Yamamoto, Hidehiko MDa; Hayashi, Keiji MDb; Scherb, Hagen Dr rer nat Dipl-Mathc,*

A thyroid cancer ultrasonography screening for all residents 18 years old or younger living in the Fukushima prefecture started in October 2011 to investigate the possible effect of the radiological contamination after the Fukushima Daiichi Nuclear Power Plant accidents as of March 12 to 15, 2011. Thyroid cancer in 184 cases was reported by February 2017. The question arises to which extent those cancer cases are a biological consequence of the radiation exposure or an artefactual result of the intense screening of a large population.

Experiences with the Chernobyl accident suggest that the external dose may be considered a valid surrogate for the internal dose of the thyroid gland. We, therefore, calculated the average external effective dose-rate (μSv/h) for the 59 municipalities of the Fukushima prefecture based on published data of air and soil radiation. We further determined the municipality-specific absolute numbers of thyroid cancers found by each of the two screening rounds in the corresponding municipality-specific exposed person-time observed. A possible association between the radiation exposure and the thyroid cancer detection rate was analyzed with Poisson regression assuming Poisson distributed thyroid cancer cases in the exposed person-time observed per municipality.

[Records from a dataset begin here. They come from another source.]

(* For almost every realization of the synaptic weights $(J_n)_{n\ge 0}$ and of the Brownian motions, the empirical measure $\hat\mu_n(V_n)$ of the solution $V_n=(V^j)_{j\in I_n}$ of the network equations converges to $\mu_*$ as $N\to\infty$, in the weak topology on $\mathcal{P}_S(\mathcal{T}^{\mathbb{Z}})$.
   Context: Fix $\sigma>0$, $T>0$ and a function $f:\mathbb{R}\to[0,1]$ which is Lipschitz continuous with Lipschitz constant $1$. Let $\mathcal{T}=C([0,T],\mathbb{R})$. For $n\ge 0$ let $I_n=\{-n,\dots,n\}$ and $N=2n+1$; for an integer $k$, "$k \bmod I_n$" is the unique element of $I_n$ congruent to $k$ modulo $N$. Let $R_{\mathcal J}:\mathbb{Z}\times\mathbb{Z}\to\mathbb{R}$ satisfy $|R_{\mathcal J}(k,l)|\le a_kb_l$ for positive sequences with $|k|^3a_k\to0$ as $|k|\to\infty$ and $\sum_l b_l<\infty$; assume $R_{\mathcal J}$ is the autocorrelation of a centered stationary Gaussian field $(J^{ij})_{i,j\in\mathbb{Z}}$ whose spectral density $\sum_{k,l}R_{\mathcal J}(k,l)e^{-ik\varphi_1}e^{-il\varphi_2}$ is strictly positive on $[-\pi,\pi)^2$. Under a probability $\gamma$, for each $n$ the weights $J_n=(J_n^{ij})_{i,j\in I_n}$ are centered jointly Gaussian with $\mathbb{E}^\gamma[J_n^{ij}J_n^{kl}]=\frac1N R_{\mathcal J}((k-i)\bmod I_n,(l-j)\bmod I_n)$. Given $J_n$, $V_n$ solves $dV^i_t=\sum_{j\in I_n}J_n^{ij}f(V^j_t)\,dt+\sigma\,dB^i_t$, $V^i_0=0$, $i\in I_n$, with $(B^i)$ independent standard Brownian motions independent of the weights; $P^N(J_n)$ is the law of $V_n$ on $\mathcal{T}^N$, and $Q^n=\mathbb{E}^\gamma[P^N(J_n)]$ is the annealed law. Shifts: $(S^iu)^j=u^{i+j}$ on $\mathcal{T}^{\mathbb{Z}}$; $\mathcal{P}_S(\mathcal{T}^{\mathbb{Z}})$ is the set of shift-invariant Borel probability measures on $\mathcal{T}^{\mathbb{Z}}$. For $u_n\in\mathcal{T}^N$ let $u_{n,p}\in\mathcal{T}^{\mathbb{Z}}$ be its periodic extension $u_{n,p}^j=u_n^{j\bmod I_n}$ and $\hat\mu_n(u_n)=\frac1N\sum_{i\in I_n}\delta_{S^iu_{n,p}}\in\mathcal{P}_S(\mathcal{T}^{\mathbb{Z}})$. Let $\Pi^n=Q^n\circ\hat\mu_n^{-1}$. The sequence $(\Pi^n)$ satisfies a large deviation principle on $\mathcal{P}_S(\mathcal{T}^{\mathbb{Z}})$ (weak topology) with a good rate function $H$ which has a unique zero; $\mu_*$ denotes this unique zero. *)

theory Defs
  imports "HOL-Probability.Probability"
begin

definition Iset :: "nat \<Rightarrow> int set" where
  "Iset n = {- int n .. int n}"

definition Nn :: "nat \<Rightarrow> nat" where
  "Nn n = 2 * n + 1"

definition modI :: "nat \<Rightarrow> int \<Rightarrow> int" where
  "modI n k = (k + int n) mod int (Nn n) - int n"

text \<open>C([0,T],R) with the sup metric; elements are extensional on [0,T].\<close>
definition pathspace :: "real \<Rightarrow> (real \<Rightarrow> real) metric" where
  "pathspace T = cfunspace (top_of_set {0..T}) euclidean_metric"

definition pathtop :: "real \<Rightarrow> (real \<Rightarrow> real) topology" where
  "pathtop T = mtopology_of (pathspace T)"

definition seqtop :: "real \<Rightarrow> (int \<Rightarrow> real \<Rightarrow> real) topology" where
  "seqtop T = product_topology (\<lambda>_. pathtop T) UNIV"

definition borel_of :: "'a topology \<Rightarrow> 'a measure" where
  "borel_of X = sigma (topspace X) {U. openin X U}"

definition shift :: "int \<Rightarrow> (int \<Rightarrow> 'a) \<Rightarrow> int \<Rightarrow> 'a" where
  "shift i u = (\<lambda>j. u (i + j))"

definition periodic_ext :: "nat \<Rightarrow> (int \<Rightarrow> 'a) \<Rightarrow> int \<Rightarrow> 'a" where
  "periodic_ext n u = (\<lambda>j. u (modI n j))"

text \<open>Empirical measure (1/N) sum_{i in I_n} delta_{S^i u_{n,p}}, written as the
  image of the uniform probability on I_n.\<close>
definition emp_measure :: "real \<Rightarrow> nat \<Rightarrow> (int \<Rightarrow> real \<Rightarrow> real) \<Rightarrow> (int \<Rightarrow> real \<Rightarrow> real) measure" where
  "emp_measure T n u =
     distr (uniform_measure (count_space UNIV) (Iset n)) (borel_of (seqtop T))
           (\<lambda>i. shift i (periodic_ext n u))"

definition PS :: "real \<Rightarrow> (int \<Rightarrow> real \<Rightarrow> real) measure set" where
  "PS T = {\<mu>. prob_space \<mu> \<and> sets \<mu> = sets (borel_of (seqtop T)) \<and>
              (\<forall>i. distr \<mu> (borel_of (seqtop T)) (shift i) = \<mu>)}"

definition bcont :: "'a topology \<Rightarrow> ('a \<Rightarrow> real) set" where
  "bcont X = {\<phi>. continuous_map X euclideanreal \<phi> \<and> (\<exists>B. \<forall>x\<in>topspace X. \<bar>\<phi> x\<bar> \<le> B)}"

definition weaktop :: "real \<Rightarrow> (int \<Rightarrow> real \<Rightarrow> real) measure topology" where
  "weaktop T = subtopology
     (topology_generated_by
        {{\<mu>. (\<integral>x. \<phi> x \<partial>\<mu>) \<in> U} | \<phi> U. \<phi> \<in> bcont (seqtop T) \<and> open U})
     (PS T)"

definition elog :: "real \<Rightarrow> ereal" where
  "elog x = (if x = 0 then - \<infinity> else ereal (ln x))"

definition good_rate_function :: "'a topology \<Rightarrow> ('a \<Rightarrow> ereal) \<Rightarrow> bool" where
  "good_rate_function X H \<longleftrightarrow>
     (\<forall>x\<in>topspace X. 0 \<le> H x) \<and>
     (\<forall>c::real. closedin X {x \<in> topspace X. H x \<le> ereal c} \<and>
                compactin X {x \<in> topspace X. H x \<le> ereal c})"

definition LDP :: "'a topology \<Rightarrow> (nat \<Rightarrow> 'a measure) \<Rightarrow> (nat \<Rightarrow> real) \<Rightarrow> ('a \<Rightarrow> ereal) \<Rightarrow> bool" where
  "LDP X P a H \<longleftrightarrow>
     (\<forall>U. openin X U \<longrightarrow>
        - (INF x\<in>U. H x) \<le> liminf (\<lambda>n. ereal (1 / a n) * elog (measure (P n) U))) \<and>
     (\<forall>F. closedin X F \<longrightarrow>
        limsup (\<lambda>n. ereal (1 / a n) * elog (measure (P n) F)) \<le> - (INF x\<in>F. H x))"

definition real_gaussian :: "'w measure \<Rightarrow> ('w \<Rightarrow> real) \<Rightarrow> bool" where
  "real_gaussian M Y \<longleftrightarrow> Y \<in> borel_measurable M \<and>
     (\<exists>m s. (0 < s \<and> distributed M lborel Y (normal_density m s)) \<or> (AE \<omega> in M. Y \<omega> = m))"

definition jointly_gaussian :: "'w measure \<Rightarrow> ('i \<Rightarrow> 'w \<Rightarrow> real) \<Rightarrow> 'i set \<Rightarrow> bool" where
  "jointly_gaussian M X I \<longleftrightarrow>
     (\<forall>F c. finite F \<longrightarrow> F \<subseteq> I \<longrightarrow> real_gaussian M (\<lambda>\<omega>. \<Sum>i\<in>F. c i * X i \<omega>))"

definition std_brownian :: "'w measure \<Rightarrow> real \<Rightarrow> ('w \<Rightarrow> real \<Rightarrow> real) \<Rightarrow> bool" where
  "std_brownian M T W \<longleftrightarrow>
     (\<forall>t\<in>{0..T}. (\<lambda>\<omega>. W \<omega> t) \<in> borel_measurable M) \<and>
     (\<forall>\<omega>\<in>space M. W \<omega> 0 = 0 \<and> continuous_on {0..T} (W \<omega>)) \<and>
     (\<forall>s t. 0 \<le> s \<longrightarrow> s < t \<longrightarrow> t \<le> T \<longrightarrow>
        distributed M lborel (\<lambda>\<omega>. W \<omega> t - W \<omega> s) (normal_density 0 (sqrt (t - s)))) \<and>
     (\<forall>ts :: real list. sorted_wrt (<) ts \<longrightarrow> set ts \<subseteq> {0..T} \<longrightarrow>
        prob_space.indep_vars M (\<lambda>_. borel)
          (\<lambda>k \<omega>. W \<omega> (ts ! Suc k) - W \<omega> (ts ! k)) {..<length ts - 1})"

definition indep_noise :: "'w measure \<Rightarrow> real \<Rightarrow> int set \<Rightarrow> ('w \<Rightarrow> int \<times> int \<Rightarrow> real)
     \<Rightarrow> ('w \<Rightarrow> int \<Rightarrow> real \<Rightarrow> real) \<Rightarrow> bool" where
  "indep_noise M T I J B \<longleftrightarrow>
     (\<lambda>\<omega>. restrict (J \<omega>) (I \<times> I)) \<in> measurable M (Pi\<^sub>M (I \<times> I) (\<lambda>_. borel)) \<and>
     (\<lambda>\<omega>. \<lambda>i\<in>I. restrict (B \<omega> i) {0..T}) \<in> measurable M (Pi\<^sub>M I (\<lambda>_. Pi\<^sub>M {0..T} (\<lambda>_. borel))) \<and>
     prob_space.indep_set M
       {(\<lambda>\<omega>. restrict (J \<omega>) (I \<times> I)) -` A \<inter> space M | A. A \<in> sets (Pi\<^sub>M (I \<times> I) (\<lambda>_. borel))}
       {(\<lambda>\<omega>. \<lambda>i\<in>I. restrict (B \<omega> i) {0..T}) -` A \<inter> space M
          | A. A \<in> sets (Pi\<^sub>M I (\<lambda>_. Pi\<^sub>M {0..T} (\<lambda>_. borel)))} \<and>
     prob_space.indep_vars M (\<lambda>_. Pi\<^sub>M {0..T} (\<lambda>_. borel)) (\<lambda>i \<omega>. restrict (B \<omega> i) {0..T}) I"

The target populations consisted of 367,674 and 381,286 children and adolescents for the 1st and the 2nd screening rounds, respectively. In the 1st screening, 300,476 persons participated and 270,489 in the 2nd round. From October 2011 to March 2016, a total of 184 cancer cases were found in 1,079,786 person-years counted from the onset of the exposure to the corresponding examination periods in the municipalities. A significant association between the external effective dose-rate and the thyroid cancer detection rate exists: detection rate ratio (DRR) per μSv/h 1.065 (1.013, 1.119). Restricting the analysis to the 53 municipalities that received less than 2 μSv/h, and which represent 176 of the total 184 cancer cases, the association appears to be considerably stronger: DRR per μSv/h 1.555 (1.096, 2.206).

The average radiation dose-rates in the 59 municipalities of the Fukushima prefecture in June 2011 and the corresponding thyroid cancer detection rates in the period October 2011 to March 2016 show statistically significant relationships.